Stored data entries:
+++++
(* Let $N_1,\dots,N_d$ be positive integers, $\Omega=[N_1]\times\cdots\times[N_d]$, $X\subseteq\Omega$, and let $b:\mathbb{N}\to(0,\infty)$ be a function. If $\chi:X\to\{-1,0,1\}$ is a partial coloring of $X$ such that $|\chi(S)|\le b(|S|)$ for all $S\in\mathcal{C}_X$, then \[ |\chi(A)|\le 2\sum_{s:\,s=2^t}b(s) \] for all $A\in\mathcal{A}_X$, where the sum is over all powers of $2$ ($t=0,1,2,\dots$).
   Context: $[N]=\{1,\dots,N\}$. An arithmetic progression in $d$ dimensions is a set $\{\mathbf{a}+i\mathbf{b}: i=0,\dots,l-1\}$ with $\mathbf{a},\mathbf{b}\in\mathbb{Z}^d$, $\mathbf{b}\ne\mathbf{0}$, $l\in\mathbb{N}$; $\mathcal{A}_{\mathbf{N}}$ is the family of such progressions contained in $\Omega$, and $\mathcal{A}_X=\{A\cap X: A\in\mathcal{A}_{\mathbf{N}}\}$. For $\mathbf{b}\in\mathbb{Z}^d\setminus\{\mathbf{0}\}$, points $\mathbf{x},\mathbf{x}'$ are congruent mod $\mathbf{b}$ if $\mathbf{x}-\mathbf{x}'\in\mathbb{Z}\mathbf{b}$. For each $\mathbf{b}\ne\mathbf{0}$ and each congruence class $I$ of $X$ modulo $\mathbf{b}$ (i.e. the set of elements of $X$ congruent to a given point), list $I=\{\mathbf{x}_1,\dots,\mathbf{x}_l\}$ in increasing order of the dot product $\mathbf{x}_u\cdot\mathbf{b}$ (these are distinct). $\mathcal{C}_X$ is the collection, over all such $(\mathbf{b},I)$, of all sets $\{\mathbf{x}_u:(j-1)s+1\le u\le js\}$ where $s=2^t$ ($t\ge0$ an integer) and $1\le j\le\lfloor l/s\rfloor$. For $A\subseteq X$, $\chi(A)=\sum_{x\in A}\chi(x)$. *)

theory Defs
  imports "HOL-Analysis.Analysis"
begin

definition dotz :: "int^'d::finite \<Rightarrow> int^'d \<Rightarrow> int" where
  "dotz x y = (\<Sum>i\<in>UNIV. x$i * y$i)"

definition box :: "('d::finite \<Rightarrow> nat) \<Rightarrow> (int^'d) set" where
  "box N = {x. \<forall>i. 1 \<le> x$i \<and> x$i \<le> int (N i)}"

definition APs :: "('d::finite \<Rightarrow> nat) \<Rightarrow> (int^'d) set set" where
  "APs N = {A. \<exists>a b (l::nat). b \<noteq> 0 \<and> A = (\<lambda>i. a + int i *s b) ` {..<l} \<and> A \<subseteq> box N}"

definition AX :: "('d::finite \<Rightarrow> nat) \<Rightarrow> (int^'d) set \<Rightarrow> (int^'d) set set" where
  "AX N X = (\<lambda>A. A \<inter> X) ` APs N"

definition cong_mod :: "int^'d::finite \<Rightarrow> int^'d \<Rightarrow> int^'d \<Rightarrow> bool" where
  "cong_mod b x x' \<longleftrightarrow> (\<exists>k::int. x - x' = k *s b)"

definition cong_class :: "(int^'d::finite) set \<Rightarrow> int^'d \<Rightarrow> int^'d \<Rightarrow> (int^'d) set" where
  "cong_class X b x = {x' \<in> X. cong_mod b x x'}"

text \<open>The u-th element (1-indexed) is xs ! (u-1), so the block
  {x_u : (j-1)s+1 <= u <= js} is set (take s (drop ((j-1)s) xs)).\<close>
definition CX :: "(int^'d::finite) set \<Rightarrow> (int^'d) set set" where
  "CX X = {S. \<exists>b x xs (t::nat) (j::nat). b \<noteq> 0 \<and> x \<in> X \<and>
       distinct xs \<and> set xs = cong_class X b x \<and>
       sorted_wrt (\<lambda>u v. dotz u b < dotz v b) xs \<and>
       1 \<le> j \<and> j \<le> length xs div 2^t \<and>
       S = set (take (2^t) (drop ((j - 1) * 2^t) xs))}"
+++++
What the task requires.
Every line from the line containing "An arithmetic progression" through the line containing "1 \<le> x$i" in the records above must be retyped exactly. Leave out the rest.

Solution to the exercise.
   Context: $[N]=\{1,\dots,N\}$. An arithmetic progression in $d$ dimensions is a set $\{\mathbf{a}+i\mathbf{b}: i=0,\dots,l-1\}$ with $\mathbf{a},\mathbf{b}\in\mathbb{Z}^d$, $\mathbf{b}\ne\mathbf{0}$, $l\in\mathbb{N}$; $\mathcal{A}_{\mathbf{N}}$ is the family of such progressions contained in $\Omega$, and $\mathcal{A}_X=\{A\cap X: A\in\mathcal{A}_{\mathbf{N}}\}$. For $\mathbf{b}\in\mathbb{Z}^d\setminus\{\mathbf{0}\}$, points $\mathbf{x},\mathbf{x}'$ are congruent mod $\mathbf{b}$ if $\mathbf{x}-\mathbf{x}'\in\mathbb{Z}\mathbf{b}$. For each $\mathbf{b}\ne\mathbf{0}$ and each congruence class $I$ of $X$ modulo $\mathbf{b}$ (i.e. the set of elements of $X$ congruent to a given point), list $I=\{\mathbf{x}_1,\dots,\mathbf{x}_l\}$ in increasing order of the dot product $\mathbf{x}_u\cdot\mathbf{b}$ (these are distinct). $\mathcal{C}_X$ is the collection, over all such $(\mathbf{b},I)$, of all sets $\{\mathbf{x}_u:(j-1)s+1\le u\le js\}$ where $s=2^t$ ($t\ge0$ an integer) and $1\le j\le\lfloor l/s\rfloor$. For $A\subseteq X$, $\chi(A)=\sum_{x\in A}\chi(x)$. *)

theory Defs
  imports "HOL-Analysis.Analysis"
begin

definition dotz :: "int^'d::finite \<Rightarrow> int^'d \<Rightarrow> int" where
  "dotz x y = (\<Sum>i\<in>UNIV. x$i * y$i)"

definition box :: "('d::finite \<Rightarrow> nat) \<Rightarrow> (int^'d) set" where
  "box N = {x. \<forall>i. 1 \<le> x$i \<and> x$i \<le> int (N i)}"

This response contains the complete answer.